─── Source data

lemma ratio_le_eventually:
  assumes "block_start 1 \<le> i"
  shows "N (Suc i) \<le> (sqrt 3 + eps) * N i"
proof -
  have "2 \<le> i"
    using assms unfolding block_start_def by simp
  then show ?thesis
  proof (cases rule: position_cases)
    case (run b r)
    moreover have "1 \<le> b"
      using assms run unfolding block_start_def by (cases b) auto
    ultimately show ?thesis
      using ratio_run[of r b] by simp
  next
    case (cycle_1 b t)
    then have "N (Suc i) \<le> 3 / 2 * N i"
      using ratio_cycle_1[of t b] by simp
    then show ?thesis
      by (rule le_sqrt_3_plus_eps_mult) (use eps_pos sqrt_3_gt in simp)
  next
    case (cycle_3 b t)
    then show ?thesis
      using ratio_cycle_3[of t b] by simp
  next
    case (cycle_2 b t)
    then have "N (Suc i) \<le> 5 / 3 * N i"
      using ratio_cycle_2[of t b] by (simp add: numeral_3_eq_3)
    then show ?thesis
      by (rule le_sqrt_3_plus_eps_mult) (use eps_pos sqrt_3_gt in simp)
  next
    case (closing b)
    then show ?thesis
      using ratio_closing_le[of b] by (simp add: numeral_3_eq_3)
  qed
qed

lemma delta_word_of_delays:
  "ereal (sqrt 3 + eps_low) \<le> delta (word_of \<delta>) \<and> delta (word_of \<delta>) \<le> ereal (sqrt 3 + eps)"
proof -
  let ?r = "\<lambda>i. ereal (N (Suc i) / N i)"
  have "delta (word_of \<delta>) = limsup ?r"
    using delta_word_of admissible_delays by blast
  moreover have "limsup ?r \<le> ereal (sqrt 3 + eps)"
  proof (rule Limsup_bounded)
    show "\<forall>\<^sub>F i in sequentially. ?r i \<le> ereal (sqrt 3 + eps)"
      unfolding eventually_sequentially
    proof (intro exI allI impI)
      fix i assume i: "block_start 1 \<le> i"
      then have "0 < N i"
        using pref_len_pos[of i \<delta>] unfolding block_start_def by simp
      then show "?r i \<le> ereal (sqrt 3 + eps)"
        using ratio_le_eventually[OF i] by (simp add: divide_le_eq)
    qed
  qed
  moreover have "ereal (sqrt 3 + eps_low) \<le> limsup (?r \<circ> (\<lambda>b. closing_start b + 2))"
  proof (rule le_Limsup)
    show "\<forall>\<^sub>F b in sequentially. ereal (sqrt 3 + eps_low) \<le> (?r \<circ> (\<lambda>b. closing_start b + 2)) b"
    proof (rule always_eventually, rule allI)
      fix b
      have "0 < N (closing_start b + 2)"
        using pref_len_pos[of "closing_start b + 2" \<delta>] by simp
      then show "ereal (sqrt 3 + eps_low) \<le> (?r \<circ> (\<lambda>b. closing_start b + 2)) b"
        using ratio_closing_ge[of b] by (simp add: le_divide_eq numeral_3_eq_3)
    qed
  qed simp
  moreover have "strict_mono (\<lambda>b. closing_start b + 2)"
    unfolding strict_mono_def closing_start_def cycles_start_def block_start_def by simp
  then have "limsup (?r \<circ> (\<lambda>b. closing_start b + 2)) \<le> limsup ?r"
    by (rule limsup_subseq_mono)
  ultimately show ?thesis
    by simp
qed

lemma delta_word_of_delays_in_D0: "delta (word_of \<delta>) \<in> D0"
  unfolding D0_def using abundant_word_of[OF admissible_delays] by blast

end

section \<open>Values of \<open>\<delta>\<close> accumulating at \<open>sqrt 3\<close> from above\<close>

lemma (in delay_family) eps_le_half_power:
  assumes "k = 2 * m + 10"
  shows "eps \<le> (1 / 2) ^ m"
proof -
  have "kappa = 2 / 2 ^ (k div 2)"
    by (rule kappa_def)
  also have "\<dots> = (1 / 2) ^ m / 16"
    using assms by (simp add: power_add field_simps)
  finally have "kappa = (1 / 2) ^ m / 16" .
  moreover have "sqrt 3 * (2 - sqrt 3) ^ (m + 1) \<le> 7 / 8 * (1 / 2) ^ m"
  proof -
    have "(2 - sqrt 3) ^ (m + 1) \<le> (1 / 2) ^ (m + 1)"
      using sqrt_3_gt sqrt_3_lt by (intro power_mono) simp_all
    then have "sqrt 3 * (2 - sqrt 3) ^ (m + 1) \<le> sqrt 3 / 2 * (1 / 2) ^ m"
      by (simp add: mult_left_mono)
    also have "\<dots> \<le> 7 / 8 * (1 / 2) ^ m"
      using sqrt_3_lt by (intro mult_right_mono) simp_all
    finally show ?thesis .
  qed
  moreover have "0 \<le> (1 / 2 :: real) ^ m"
    by simp
  ultimately have "kappa + sqrt 3 * (2 - sqrt 3) ^ (m + 1) \<le> (1 / 2) ^ m"
    by linarith
  moreover have "0 \<le> sqrt 3 - 1" "sqrt 3 - 1 \<le> (1::real)"
    using sqrt_3_gt sqrt_3_lt by simp_all
  ultimately have "eps \<le> 1 * (1 / 2) ^ m"
    unfolding eps_def using kappa_pos sqrt_3_lt by (intro mult_mono) simp_all
  then show ?thesis
    by simp
qed

lemma D0_near_sqrt_3:
  assumes "0 < e"
  shows "\<exists>x. ereal x \<in> D0 \<and> sqrt 3 < x \<and> x < sqrt 3 + e"
proof -
  obtain j where j: "(1 / 2 :: real) ^ j < e"
    using real_arch_pow_inv[OF assms, of "1 / 2"] by auto
  interpret F: delay_family "Suc j" "2 * Suc j + 10"
    by unfold_locales simp_all
  have "F.eps \<le> (1 / 2) ^ Suc j"
    by (rule F.eps_le_half_power) simp
  also have "\<dots> \<le> (1 / 2) ^ j"
    by (intro power_decreasing) simp_all
  finally have "F.eps < e"
    using j by linarith
  obtain x where x: "delta (word_of F.\<delta>) = ereal x"
    using F.delta_word_of_delays by (cases "delta (word_of F.\<delta>)") auto
  then have "sqrt 3 + F.eps_low \<le> x" "x \<le> sqrt 3 + F.eps"
    using F.delta_word_of_delays by simp_all
  then show ?thesis
    using F.delta_word_of_delays_in_D0 F.eps_low_pos \<open>F.eps < e\<close> x by (intro exI[of _ x]) auto
qed

lemma strict_decseq_tendsto_from_above:
  fixes a :: real
  assumes "\<And>e. 0 < e \<Longrightarrow> \<exists>x. x \<in> S \<and> a < x \<and> x < a + e"
  shows "\<exists>f. (\<forall>j. f (Suc j) < f j) \<and> (\<forall>j. f j \<in> S) \<and> f \<longlonglongrightarrow> a"
proof -
  have "\<forall>e. \<exists>x. 0 < e \<longrightarrow> x \<in> S \<and> a < x \<and> x < a + e"
    using assms by blast
  from choice[OF this] obtain g where g: "\<And>e. 0 < e \<Longrightarrow> g e \<in> S \<and> a < g e \<and> g e < a + e"
    by blast
  define f where "f = rec_nat (g 1) (\<lambda>j x. g (min (x - a) (inverse (real (Suc (Suc j))))))"
  have f_Suc: "f (Suc j) = g (min (f j - a) (inverse (real (Suc (Suc j)))))" for j
    unfolding f_def by simp
  have f: "f j \<in> S \<and> a < f j \<and> f j < a + inverse (real (Suc j))" for j
  proof (induction j)
    case 0
    then show ?case
      using g[of 1] unfolding f_def by simp
  next
    case (Suc j)
    let ?e = "min (f j - a) (inverse (real (Suc (Suc j))))"
    have "0 < ?e"
      using Suc by simp
    then show ?case
      using g[of ?e] min.cobounded2[of "f j - a" "inverse (real (Suc (Suc j)))"]
      unfolding f_Suc by auto
  qed
  have "f (Suc j) < f j" for j
    using f[of j] g[of "min (f j - a) (inverse (real (Suc (Suc j))))"]
      min.cobounded1[of "f j - a" "inverse (real (Suc (Suc j)))"]
    unfolding f_Suc by auto
  moreover have "f \<longlonglongrightarrow> a"
    using f by (intro tendsto_sandwich[OF _ _ tendsto_const LIMSEQ_inverse_real_of_nat_add])
      (simp_all add: less_imp_le)
  ultimately show ?thesis
    using f by blast
qed

theorem proposition7p5:
  shows "\<exists>f :: nat \<Rightarrow> real. (\<forall>k. f (Suc k) < f k) \<and> (\<forall>k. ereal (f k) \<in> D0)
           \<and> f \<longlonglongrightarrow> sqrt 3"
  using strict_decseq_tendsto_from_above[of "{x. ereal x \<in> D0}" "sqrt 3"] D0_near_sqrt_3
  by simp

end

──────

From the entries, report each line that includes the word "ultimately".

**Result of this task**
    ultimately show ?thesis
  ultimately show ?thesis
  ultimately have "kappa + sqrt 3 * (2 - sqrt 3) ^ (m + 1) \<le> (1 / 2) ^ m"
  ultimately have "eps \<le> 1 * (1 / 2) ^ m"
  ultimately show ?thesis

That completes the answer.